What's Your Why? Volunteer Spotlight on Ann Johnson


Wreaths Across America celebrates volunteerism across the country, and our volunteers are committed, patriotic, and innovative. The mission to remember, honor, teach is a mindset, not just a one-day event in December. The wreath retirement stories are just as impressive, from wreaths cleanup to their repurposing and recycling.

Ann Johnson is the co-owner, with her husband Steve, of Lazy J Tree Farm in Washington state. “The farm was started by my husband’s father in 1958 when my husband was just a little fella. It initially started as a raspberry farm, and over time, they bought more acreage and expanded into a you-cut Christmas tree farm. Today, it’s eighty-eight acres. Much larger than his father ever thought it could be.”

Ann got involved with the Michael Trebert Chapter of the Daughters of the American Revolution (DAR) in December 2020 as the chapter was just getting started with Wreaths Across America. “One of my sisters found we had a patriot in our past, and I took that to the local DAR chapter. They did the research and I filled out the application. Low and behold, we do have a patriot. His name was Gresham Pope, and he was connected through my father’s mother. You just never know until you start to search. We had lots of preachers and lots of military in our family background.”

Ann joined the DAR in December 2020 as they were just getting started with Wreaths Across America. She shares when she attended her fist meeting and they went down through a list of their projects, nothing really struck a chord with Ann until they got to Wreaths Across America. “When I joined, I saw a lot of opportunities to use my skills and talents, but nothing fit really well. When they got to the Wreaths Across America presentation, my former husband was a military veteran, my father was a military veteran, and my son, so, when I saw that it was a natural fit for me. Then, when I heard no one was recycling, it broke my heart.”

Ann quickly realized the Lazy J Tree farm had the capacity to help the mission. “We didn’t know what to do the first year, so we just started to do it,” Ann explains of the process.  We had a big truck and could haul wreaths to and from the participating cemetery. We set up some tables and got pliers of different sizes. We put down a tarp to collect the greenery and used a bin to collect the rings. Chapter Regent Judy Tordini took the wreath tags because she uses them in her speaking opportunities about Wreaths Across America. We took the rings to a metal recycler near us, and the greenery got chopped up in our farm grinders for mulch. Then, we got down to what do we do with the red bows? I strung them together, all going in the same direction, and I made ten-foot garlands out of them. We have some large cement animals on the farm for the kids to enjoy, and I draped these garlands over some of them, and it looked festive. It was fun.”
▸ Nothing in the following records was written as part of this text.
text \<open>Both orders of differentiation are limits of the same difference quotient.\<close>

lemma Ck_pderiv_list_mset_eq:
  assumes "Ck k g" "length xs \<le> k" "mset xs = mset ys"
  shows "pderiv_list xs g = pderiv_list ys g"
proof
  fix x
  have len: "length ys = length xs"
    using assms(3) by (metis size_mset)
  have diff: "partials_differentiable (length xs) g"
    using Ck_imp_partials_differentiable assms(1,2) by blast
  have cont: "continuous_on UNIV (pderiv_list zs g)" if "length zs = length xs" for zs
    using assms(1,2) that unfolding Ck_def by auto
  have "((\<lambda>h. fwd_diff h (rev xs) g x / h ^ length xs) \<longlongrightarrow> pderiv_list xs g x) (at_right 0)"
    using fwd_diff_quotient_tendsto[of "rev xs" g] diff cont[of xs] by simp
  moreover have "fwd_diff h (rev ys) g = fwd_diff h (rev xs) g" for h
    using assms(3) by (intro fwd_diff_mset_eq) simp
  then have "((\<lambda>h. fwd_diff h (rev xs) g x / h ^ length xs) \<longlongrightarrow> pderiv_list ys g x) (at_right 0)"
    using fwd_diff_quotient_tendsto[of "rev ys" g] diff cont[OF len] len by simp
  ultimately show "pderiv_list xs g x = pderiv_list ys g x"
    by (rule tendsto_unique[rotated]) simp
qed

section \<open>Lipschitz bounds from bounded partial derivatives\<close>

lemma abs_diff_along_axis_le:
  fixes g :: "real^'n::finite \<Rightarrow> real"
  assumes "\<And>x. (\<lambda>t. g (x + t *\<^sub>R axis i 1)) differentiable (at 0)"
    and "\<And>x. \<bar>partial i g x\<bar> \<le> B"
  shows "\<bar>g (x + a *\<^sub>R axis i 1) - g x\<bar> \<le> B * \<bar>a\<bar>"
proof -
  have "norm (g (x + a *\<^sub>R axis i 1) - g (x + 0 *\<^sub>R axis i 1)) \<le> B * norm (a - 0)"
    by (rule field_differentiable_bound[where S = UNIV])
      (use has_real_derivative_partial[OF assms(1)] assms(2) in auto)
  then show ?thesis by simp
qed

lemma abs_diff_le_sum_partial_bounds:
  fixes g :: "real^'n::finite \<Rightarrow> real"
  assumes diff: "\<And>x i. (\<lambda>t. g (x + t *\<^sub>R axis i 1)) differentiable (at 0)"
    and bound: "\<And>i x. \<bar>partial i g x\<bar> \<le> B i"
  shows "\<bar>g x - g y\<bar> \<le> (\<Sum>i\<in>UNIV. B i * \<bar>x $ i - y $ i\<bar>)"
proof -
  have "\<forall>x y. (\<forall>k. k \<notin> S \<longrightarrow> x $ k = y $ k) \<longrightarrow> \<bar>g x - g y\<bar> \<le> (\<Sum>i\<in>S. B i * \<bar>x $ i - y $ i\<bar>)"
    if "finite S" for S :: "'n set"
    using that
  proof (induction S rule: finite_induct)
    case empty
    then show ?case by (auto simp flip: vec_eq_iff)
  next
    case (insert i S)
    show ?case
    proof (intro allI impI)
      fix x y :: "real^'n"
      assume agree: "\<forall>k. k \<notin> insert i S \<longrightarrow> x $ k = y $ k"
      define z where "z = x + (y $ i - x $ i) *\<^sub>R axis i 1"
      have z: "z $ k = (if k = i then y $ i else x $ k)" for k
        unfolding z_def by (simp add: axis_def)
      have "\<bar>g z - g x\<bar> \<le> B i * \<bar>y $ i - x $ i\<bar>"
        unfolding z_def by (rule abs_diff_along_axis_le[OF diff bound])
      then have "\<bar>g z - g x\<bar> \<le> B i * \<bar>x $ i - y $ i\<bar>"
        by (metis abs_minus_commute)
      moreover have "\<bar>g z - g y\<bar> \<le> (\<Sum>k\<in>S. B k * \<bar>x $ k - y $ k\<bar>)"
      proof -
        have "\<forall>k. k \<notin> S \<longrightarrow> z $ k = y $ k" using agree z by auto
        then have "\<bar>g z - g y\<bar> \<le> (\<Sum>k\<in>S. B k * \<bar>z $ k - y $ k\<bar>)" using insert.IH by blast
        also have "\<dots> = (\<Sum>k\<in>S. B k * \<bar>x $ k - y $ k\<bar>)"
          using insert.hyps(2) z by (intro sum.cong) auto
        finally show ?thesis .
      qed
      ultimately show "\<bar>g x - g y\<bar> \<le> (\<Sum>k\<in>insert i S. B k * \<bar>x $ k - y $ k\<bar>)"
        using insert.hyps by simp
    qed
  qed
  from this[of UNIV] show ?thesis by simp
qed
lemma swap_perm_fixed: "x \<notin> S \<Longrightarrow> x \<notin> nbr T ` S \<Longrightarrow> swap_perm T S x = x"
  by (auto simp: swap_perm_def)

lemma swap_perm_involution:
  assumes "disjoint_swaps T S"
  shows "swap_perm T S (swap_perm T S x) = x"
proof -
  consider "x \<in> S" | a where "a \<in> S" "x = nbr T a" | "x \<notin> S" "x \<notin> nbr T ` S" by blast
  then show ?thesis
    by cases (simp_all add: swap_perm_leaf swap_perm_nbr[OF assms] swap_perm_fixed)
qed

lemma swap_perm_insert:
  assumes "disjoint_swaps T (insert a S)" and "a \<notin> S"
  shows "swap_perm T (insert a S) x = swap_perm T S (Transposition.transpose a (nbr T a) x)"
proof -
  note fresh = disjoint_swaps_insert[OF assms]
  consider "x = a" | "x = nbr T a" | "x \<noteq> a" "x \<noteq> nbr T a" by blast
  then show ?thesis
  proof cases
    case 3
    then have "(\<lambda>a'. a' \<in> insert a S \<and> nbr T a' = x) = (\<lambda>a'. a' \<in> S \<and> nbr T a' = x)" by auto
    with 3 show ?thesis by (simp add: swap_perm_def Transposition.transpose_def)
  qed (use assms fresh in \<open>simp_all add: swap_perm_leaf swap_perm_nbr swap_perm_fixed\<close>)
qed
lemma sum_le_of_weak_supermajorization:
  fixes f f' :: "real \<Rightarrow> real" and a b :: "nat \<Rightarrow> real"
  assumes deriv: "\<And>x. x > 0 \<Longrightarrow> (f has_real_derivative f' x) (at x)"
    and mono: "\<And>x y. 0 < x \<Longrightarrow> x \<le> y \<Longrightarrow> f' x \<le> f' y"
    and nonpos: "\<And>x. x > 0 \<Longrightarrow> f' x \<le> 0"
    and pos: "\<And>i. i < n \<Longrightarrow> a i > 0" "\<And>i. i < n \<Longrightarrow> b i > 0"
    and sorted: "\<And>i j. i \<le> j \<Longrightarrow> j < n \<Longrightarrow> b i \<le> b j"
    and prefix: "\<And>j. j \<le> n \<Longrightarrow> (\<Sum>i<j. a i) \<le> (\<Sum>i<j. b i)"
  shows "(\<Sum>i<n. f (b i)) \<le> (\<Sum>i<n. f (a i))"
proof -
  \<comment> \<open>tangent bounds at the \<open>b i\<close>, then Abel summation against the increasing slopes \<open>f' (b i)\<close>\<close>
  have "(\<Sum>i<n. f (b i)) - (\<Sum>i<n. f (a i)) = (\<Sum>i<n. f (b i) - f (a i))"
    by (simp add: sum_subtractf)
  also have "\<dots> \<le> (\<Sum>i<n. f' (b i) * (b i - a i))"
    by (intro sum_mono diff_le_deriv_mult_diff[OF deriv mono]) (auto intro: pos)
  also have "\<dots> \<le> 0 * (\<Sum>i<n. b i - a i)"
  proof (rule sum_mult_le_of_prefix_sums_nonneg)
    show "f' (b i) \<le> f' (b j)" if "i \<le> j" "j < n" for i j
      using mono[of "b i" "b j"] sorted[OF that] pos(2)[of i] that by simp
    show "0 \<le> (\<Sum>i<j. b i - a i)" if "j \<le> n" for j
      using prefix[OF that] by (simp add: sum_subtractf)
    show "f' (b i) \<le> 0" if "i < n" for i
      using nonpos pos(2) that by simp
  qed
  finally show ?thesis by simp
qed

lemma sum_ord_stat:
  "(\<Sum>i=1..n. g (ord_stat a n i)) = (\<Sum>i=1..n. g (a i) :: real)"
proof -
  let ?xs = "map a [1..<Suc n]"
  have "(\<Sum>i=1..n. g (ord_stat a n i)) = (\<Sum>i<n. g (sort ?xs ! i))"
    unfolding One_nat_def sum.atLeast1_atMost_eq ord_stat_def by simp
  also have "\<dots> = sum_list (map g (sort ?xs))"
    by (simp del: upt_Suc add: sum_list_sum_nth atLeast0LessThan)
  also have "\<dots> = sum_list (map g ?xs)"
    by (metis mset_map mset_sort sum_mset_sum_list)
  also have "\<dots> = (\<Sum>i=1..n. g (a i))"
    by (simp del: upt_Suc add: sum_list_distinct_conv_sum_set atLeastLessThanSuc_atLeastAtMost)
  finally show ?thesis .
qed

lemma ord_stat_in_image:
  assumes "i \<in> {1..n}" shows "ord_stat a n i \<in> a ` {1..n}"
proof -
  let ?xs = "map a [1..<Suc n]"
  have "sort ?xs ! (i - 1) \<in> set (sort ?xs)"
    using assms by (intro nth_mem) auto
  then show ?thesis
    unfolding ord_stat_def by (simp del: upt_Suc add: atLeastLessThanSuc_atLeastAtMost)
qed

lemma ord_stat_mono:
  assumes "1 \<le> i" "i \<le> j" "j \<le> n" shows "ord_stat a n i \<le> ord_stat a n j"
  unfolding ord_stat_def using assms by (intro sorted_nth_mono) auto

lemma sum_phi_le_of_ord_stat_prefix_sums_le:
  assumes "t > 0" and "\<forall>i\<in>{1..n}. alpha i > 0" and "\<forall>i\<in>{1..n}. alphas i > 0"
    and "\<forall>j\<in>{1..n}. (\<Sum>i=1..j. ord_stat alpha n i) \<le> (\<Sum>i=1..j. ord_stat alphas n i)"
  shows "(\<Sum>i=1..n. phi (t * alphas i)) \<le> (\<Sum>i=1..n. phi (t * alpha i))"
proof -
  have "(\<Sum>i<n. phi (t * ord_stat alphas n (Suc i))) \<le> (\<Sum>i<n. phi (t * ord_stat alpha n (Suc i)))"
  proof (rule sum_le_of_weak_supermajorization[where f = "\<lambda>a. phi (t * a)" and f' = "\<lambda>a. dphi (t * a) * t"])
    show "((\<lambda>a. phi (t * a)) has_real_derivative dphi (t * x) * t) (at x)" if "x > 0" for x
      using DERIV_chain2[OF phi_has_real_derivative DERIV_cmult_Id] that assms(1) by simp
    show "dphi (t * x) * t \<le> dphi (t * y) * t" if "0 < x" "x \<le> y" for x y
      using dphi_mono[of "t * x" "t * y"] that assms(1) by (simp add: mult_right_mono)
    show "dphi (t * x) * t \<le> 0" if "x > 0" for x
      using dphi_nonpos[of "t * x"] that assms(1) by (simp add: mult_nonpos_nonneg)
    show "ord_stat alpha n (Suc i) > 0" "ord_stat alphas n (Suc i) > 0" if "i < n" for i
      using ord_stat_in_image[of "Suc i" n alpha] ord_stat_in_image[of "Suc i" n alphas] that assms(2,3)
      by auto
    show "ord_stat alphas n (Suc i) \<le> ord_stat alphas n (Suc j)" if "i \<le> j" "j < n" for i j
      using that by (intro ord_stat_mono) auto
    show "(\<Sum>i<j. ord_stat alpha n (Suc i)) \<le> (\<Sum>i<j. ord_stat alphas n (Suc i))" if "j \<le> n" for j
      using that assms(4) by (cases "j = 0") (auto simp: sum.atLeast1_atMost_eq)
  qed
  then show ?thesis
    using sum_ord_stat[of "\<lambda>a. phi (t * a)" alpha n] sum_ord_stat[of "\<lambda>a. phi (t * a)" alphas n]
    by (simp add: sum.atLeast1_atMost_eq)
qed
lemma (in group) order_eq_card_character_image_mult:
  assumes "finite (carrier G)" "character G f"
  shows "order G = card (f ` carrier G) * card {x \<in> carrier G. f x = 1}"
proof -
  have "order G = (\<Sum>x\<in>carrier G. 1)"
    unfolding order_def by simp
  also have "\<dots> = (\<Sum>y\<in>f ` carrier G. card {x \<in> carrier G. f x = y})"
    using assms(1) by (subst sum.image_gen[of _ _ f]) simp_all
  also have "\<dots> = (\<Sum>y\<in>f ` carrier G. card {x \<in> carrier G. f x = 1})"
    using card_character_fibre[OF assms(2)] by (intro sum.cong) auto
  finally show ?thesis by simp
qed

lemma (in group) prod_character_eq_prod_image_power:
  assumes "finite (carrier G)" "character G f"
  shows "(\<Prod>x\<in>carrier G. f x) = (\<Prod>(f ` carrier G)) ^ card {x \<in> carrier G. f x = 1}"
proof -
  have "(\<Prod>x\<in>carrier G. f x) = (\<Prod>y\<in>f ` carrier G. \<Prod>x\<in>{x \<in> carrier G. f x = y}. f x)"
    using assms(1) by (rule prod.image_gen)
  also have "\<dots> = (\<Prod>y\<in>f ` carrier G. y ^ card {x \<in> carrier G. f x = 1})"
    using card_character_fibre[OF assms(2)] by (intro prod.cong) auto
  finally show ?thesis by (simp add: prod_power_distrib)
qed

lemma (in group) character_pow_card_image:
  assumes "finite (carrier G)" "character G f" "x \<in> carrier G"
  shows "f x ^ card (f ` carrier G) = 1"
proof (rule pow_card_eq_one_if_mult_closed)
  show "0 \<notin> f ` carrier G" using character_nonzero[OF assms(2)] by auto
  show "y * z \<in> f ` carrier G" if yz: "y \<in> f ` carrier G" "z \<in> f ` carrier G" for y z
  proof -
    obtain a b where ab: "a \<in> carrier G" "b \<in> carrier G" "y = f a" "z = f b"
      using yz by blast
    then have "y * z = f (a \<otimes> b)" by (simp add: character_mult[OF assms(2)])
    then show ?thesis using ab(1,2) by (simp add: rev_image_eqI)
  qed
qed (use assms in auto)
Ann explained their success in 2020 led to more fallen veterans honored in 2021, so the recycling effort grew too. “This year, we had twice the number of wreaths and felt challenged. We had experience under our belts with the wreaths set up, so the challenge was how do we get more people here to help. Judy recruited the DAR members and their husbands, and I posted it on Next Door, a local social media site, and we emailed our neighborhood group. We wound up with forty-three volunteers, and they had so much fun. Of course most of them, except the DAR, had no idea what Wreaths Across America was. It was a good experience for them and now they’re totally sold and will get more involved. It took only a few hours of work for over forty volunteers to recycle 974 veterans’ wreaths. We had younger people working with seniors and we developed a really good system as they worked in teams to dismantle the wreaths.”

Thank you, Ann, Steve, Judy, and all the folks involved with the mission with Lazy J Tree Farm. You can hear Ann’s interview in our What’s Your Why feature on Wreaths Across America Radio.